Jewellery owners run the risk of being underinsured

05 July 2011 Alexander Forbes
Gari Dombo, Managing Director, Alexander Forbes Insurance

Gari Dombo, Managing Director, Alexander Forbes Insurance

Consumers who do not have their jewellery regularly valued are in danger of being underinsured.

According to experts, it is more important than ever to have jewellery valuations updated as material costs have skyrocketed. If you can’t prove the value of an item, chances are good that you may be disappointed if you need to claim.

· The appreciation in the value of jewellery depends on two major factors being the diamond market price per carat and the exchange rate (most gold and precious stones are purchased by dealers in dollars.) Over the last decade the price of jewellery has risen by more or less 5% per year.

· Ten years ago the gold price was about $200 dollars per ounce – it currently stands at $1500 with a further 150% predicted over the next five years.

· The price of diamonds has increased about five times in as many months for lack of stock. Three years ago the average price of rough diamonds was $450 per carat and now averages $1450 per carat.

Another reason to have jewellery valued is that it forms part of the evidence chain to help you prove the existence or authenticity of the item insured. “It is particularly important for jewellery received as gifts, or inherited” says Gari Dombo, Managing Director, Alexander Forbes Insurance.

These items may appear to be genuine to you, but might in fact be very good costume pieces. Without a valuation there is no evidence to show the genuineness of the stones or their carat, cut and clarity, or the weight of the gold and its carat from which values can be determined.

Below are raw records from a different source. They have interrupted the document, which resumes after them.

lemma br_in_G:
  assumes "a \<in> G" "b \<in> G"
  shows "br a b \<in> G"
  unfolding whittaker_annihilator_def
proof (intro CollectI ballI)
  fix p assume p: "p \<in> P"
  have "phi (br a (br b p) + br b (br p a) + br p (br a b)) =
      phi (br a (br b p)) + phi (br b (br p a)) + phi (br p (br a b))"
    using p by (simp add: phi_add P_add br_in_P_right br_in_P_left)
  moreover have "phi (br a (br b p)) = 0" "phi (br b (br p a)) = 0"
    using assms p br_in_P_right br_in_P_left by (auto simp: whittaker_annihilator_def)
  ultimately have "pairing p (br a b) = 0" by (simp add: jacobi pairing_def)
  then show "phi (br (br a b) p) = 0"
    using phi_neg[OF br_in_P_left[of p "br a b"]] br_antisym[of "br a b" p] p by (simp add: pairing_def)
qed

definition X where
  "X = (SOME X. V.subspace X \<and> (\<forall>a. \<exists>g\<in>G. \<exists>x\<in>X. a = g + x) \<and> (\<forall>x\<in>X. x \<in> G \<longrightarrow> x = 0))"

lemma X_subspace: "V.subspace X"
  and G_plus_X: "\<exists>g\<in>G. \<exists>x\<in>X. a = g + x"
  and X_inter_G: "x \<in> X \<Longrightarrow> x \<in> G \<Longrightarrow> x = 0"
  using someI_ex[OF V.subspace_complement_exists[OF G_subspace]] unfolding X_def by blast+

lemma decompose_P_Y_X: "\<exists>p\<in>P. \<exists>u\<in>Y. \<exists>x\<in>X. a = p + u + x"
proof -
  obtain g x where "g \<in> G" "x \<in> X" "a = g + x" using G_plus_X by blast
  moreover obtain u p where "u \<in> Y" "p \<in> P" "g = u + p" using y_sum \<open>g \<in> G\<close> by blast
  ultimately show ?thesis by (metis add.commute)
qed

lemma pairing_nondegenerate:
  assumes "x \<in> X" "x \<noteq> 0"
  shows "\<exists>p\<in>P. pairing p x \<noteq> 0"
proof (rule ccontr)
  assume "\<not> (\<exists>p\<in>P. pairing p x \<noteq> 0)"
  then have "phi (br x p) = 0" if "p \<in> P" for p
    using that phi_neg[OF br_in_P_left[OF that, of x]] br_antisym[of x p] by (simp add: pairing_def)
  then have "x \<in> G" by (simp add: whittaker_annihilator_def)
  then show False using X_inter_G assms by blast
qed

lemma whittaker_word_Y: "set v \<subseteq> Y \<Longrightarrow> whittaker_word v"
proof (induction v)
  case Nil
  show ?case
    unfolding whittaker_word_def using fword_P_last[of _ "[]"] by simp
next
  case (Cons b v)
  then have wv: "whittaker_word v" and bG: "b \<in> G" using y_sub by auto
  show ?case unfolding whittaker_word_def
  proof
    fix p assume p: "p \<in> P"
    have "fword (p # b # v) \<approx>\<^sub>W (\<lambda>w. fword (b # p # v) w + fword (br p b # v) w)"
      using fword_swap_letters[of "[]" p b v] by simp
    also have "\<dots> \<approx>\<^sub>W (\<lambda>w. phi p * fword (b # v) w + phi (br p b) * fword v w)"
      using whittaker_word_prefix[OF wv p, of "[b]"] whittaker_word_prefix[OF wv br_in_P_left[OF p], of "[]"]
      by (intro congW_add) auto
    finally show "fword (p # b # v) \<approx>\<^sub>W (\<lambda>w. phi p * fword (b # v) w)"
      using pairing_G[OF bG p] by (simp add: pairing_def)
  qed
qed

definition normal_words :: "'g set \<Rightarrow> nat \<Rightarrow> 'g list set" where
  "normal_words A n = {u @ v | u v. set u \<subseteq> A \<and> length u \<le> n \<and> set v \<subseteq> Y}"

lemma normal_wordsI: "set u \<subseteq> A \<Longrightarrow> length u \<le> n \<Longrightarrow> set v \<subseteq> Y \<Longrightarrow> u @ v \<in> normal_words A n"
  unfolding normal_words_def by blast

lemma normal_words_mono: "m \<le> n \<Longrightarrow> normal_words A m \<subseteq> normal_words A n"
  unfolding normal_words_def by fastforce

lemma Cons_normal_words:
  assumes "a \<in> A" "w \<in> normal_words A n"
  shows "a # w \<in> normal_words A (Suc n)"
proof -
  obtain u v where "w = u @ v" "set u \<subseteq> A" "length u \<le> n" "set v \<subseteq> Y"
    using assms(2) unfolding normal_words_def by blast
  then show ?thesis using assms(1) normal_wordsI[of "a # u" A "Suc n" v] by simp
qed

lemma shorter_words_normal_words:
  "set u \<subseteq> A \<Longrightarrow> set v \<subseteq> Y \<Longrightarrow> shorter_words k u v \<subseteq> normal_words A (length u - k)"
  unfolding shorter_words_def normal_words_def by fastforce

lemma reduces_Cons_normal_word_from_Y:
  assumes u: "set u \<subseteq> X" and v: "set v \<subseteq> Y"
    and Y_case: "\<And>b. b \<in> Y \<Longrightarrow> reduces_to (normal_words X (Suc (length u))) (fword (b # u @ v))"
  shows "reduces_to (normal_words X (Suc (length u))) (fword (a # u @ v))"
proof -
  obtain p b x where pbx: "p \<in> P" "b \<in> Y" "x \<in> X" "a = p + b + x"
    using decompose_P_Y_X by blast
  let ?N = "normal_words X (Suc (length u))"
  have split: "fword (a # u @ v) \<approx>\<^sub>W
      (\<lambda>w. (fword (p # u @ v) w + fword (b # u @ v) w) + fword (x # u @ v) w)"
    unfolding pbx(4)
    using congW_trans[OF fword_letter_add[of "[]" "p + b" x] congW_add[OF fword_letter_add[of "[]" p b] congW_refl]]
    by simp
  obtain R where R: "R \<in> word_span (shorter_words 1 u v)"
    "fword (p # u @ v) \<approx>\<^sub>W (\<lambda>w. phi p * fword (u @ v) w + R w)"
    using commute_P_letter_coarse[OF pbx(1) whittaker_word_Y[OF v]] by blast
  have "R \<in> word_span ?N"
    using word_span_mono[OF R(1) order_trans[OF shorter_words_normal_words[OF u v] normal_words_mono]]
    by simp
  then have "reduces_to ?N (fword (p # u @ v))"
    using u v by (intro reduces_to_congW[OF R(2)] reduces_to_add reduces_to_scale reduces_to_fword
        reduces_to_word_span normal_wordsI) auto
  moreover have "reduces_to ?N (fword (x # u @ v))"
    using normal_wordsI[of "x # u" X "Suc (length u)" v] u v pbx(3) by (intro reduces_to_fword) simp
  ultimately show ?thesis
    using Y_case[OF pbx(2)] by (intro reduces_to_congW[OF split] reduces_to_add)
qed

lemma reduces_Cons_normal_word:
  assumes "set u \<subseteq> X" "set v \<subseteq> Y"
  shows "reduces_to (normal_words X (Suc (length u))) (fword (a # u @ v))"
  using assms(1)
proof (induction u arbitrary: a)
  case Nil
  show ?case
  proof (rule reduces_Cons_normal_word_from_Y)
    fix b assume "b \<in> Y"
    then show "reduces_to (normal_words X (Suc (length []))) (fword (b # [] @ v))"
      using assms(2) normal_wordsI[of "[]" X 1 "b # v"] by (intro reduces_to_fword) simp
  qed (use assms(2) in auto)
next
  case (Cons x u)
  have x: "x \<in> X" and u: "set u \<subseteq> X" using Cons.prems by auto
  show ?case
  proof (rule reduces_Cons_normal_word_from_Y)
    fix b assume "b \<in> Y"
    let ?N = "normal_words X (Suc (length (x # u)))"
    have swap: "fword (b # (x # u) @ v) \<approx>\<^sub>W (\<lambda>w. fword (x # b # u @ v) w + fword (br b x # u @ v) w)"
      using fword_swap_letters[of "[]" b x "u @ v"] by simp
    have "reduces_to ?N (fmul (fword [x]) (fword (b # u @ v)))"
      using Cons.IH[OF u] by (rule reduces_to_fmul_fword) (simp add: Cons_normal_words x)
    moreover have "reduces_to ?N (fword (br b x # u @ v))"
      using Cons.IH[OF u] normal_words_mono by (rule reduces_to_mono) simp
    ultimately show "reduces_to ?N (fword (b # (x # u) @ v))"
      by (intro reduces_to_congW[OF swap] reduces_to_add) (simp_all add: fmul_fword_fword)
  qed (use Cons.prems assms(2) in auto)
qed

lemma fword_reduces_to_normal_words: "reduces_to (normal_words X (length w)) (fword w)"
proof (induction w)
  case Nil
  show ?case using normal_wordsI[of "[]" X 0 "[]"] by (intro reduces_to_fword) simp
next
  case (Cons a w)
  have "reduces_to {[a] @ z | z. z \<in> normal_words X (length w)} (fmul (fword [a]) (fword w))"
    using Cons.IH by (rule reduces_to_fmul_fword) blast
  then have "reduces_to (normal_words X (length (a # w))) (fmul (fword [a]) (fword w))"
  proof (rule reduces_to_trans)
    fix z assume "z \<in> {[a] @ z | z. z \<in> normal_words X (length w)}"
    then obtain u v where uv: "z = a # u @ v" "set u \<subseteq> X" "length u \<le> length w" "set v \<subseteq> Y"
      unfolding normal_words_def by auto
    show "reduces_to (normal_words X (length (a # w))) (fword z)"
      using reduces_to_mono[OF reduces_Cons_normal_word[OF uv(2,4), of a] normal_words_mono[of "Suc (length u)"]] uv(1,3)
      by simp
  qed
  then show ?case by (simp add: fmul_fword_fword)
qed

lemma fin_supp_reduces_to_normal_words:
  assumes "fin_supp f"
  shows "\<exists>n. reduces_to (normal_words X n) f"
proof -
  let ?S = "{w. f w \<noteq> 0}"
  define n where "n = (\<Sum>w\<in>?S. length w)"
  have "f \<in> word_span ?S" using assms by (simp add: word_span_def)
  then have "reduces_to ?S f" by (rule reduces_to_word_span)
  then have "reduces_to (normal_words X n) f"
  proof (rule reduces_to_trans)
    fix u assume "u \<in> ?S"
    then have "length u \<le> n"
      unfolding n_def using assms by (intro member_le_sum) (auto simp: fin_supp_def)
    then show "reduces_to (normal_words X n) (fword u)"
      using fword_reduces_to_normal_words normal_words_mono by (meson reduces_to_mono)
  qed
  then show ?thesis by blast
qed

Dombo often finds that people who were married many years ago battle to replace their rings and other jewellery in the event of loss because they have failed to update the value of the jewellery they insured in 1975 for example. Certainly, “under these circumstances it would be extremely difficult for their insurer to settle the claim for the correct value” says Dombo.

“Consumers should always be sure to request a valuation certificate” adds Dombo. All jewellers are able to issue buyers with valuation certificates upon purchasing jewellery.

You should ask the jeweller to include the carat, cut and clarity of the stones and the weight or carat of the gold.

Correctly and regularly valuing jewellery is also important in capturing the intangible drivers of value. For example, “a gold band manufactured overseas may have a higher value because of its unique artistry and highly skilled production.” Unless, however, the consumer can prove the artistry, insurers will assume that it can be reproduced by a local manufacturing jeweller without consideration of, or payment for, specialised artistry.

Close up photographs also help to show the detail if an item is lost and has to be remade.

“Insurers will reject a claim for loss due to wear and tear, so stones that fall out may not be covered” warns Dombo.

As such, “when you ask your jeweller to evaluate your collection make sure that all clasps and claws for settings are checked and repaired as necessary” concludes Dombo.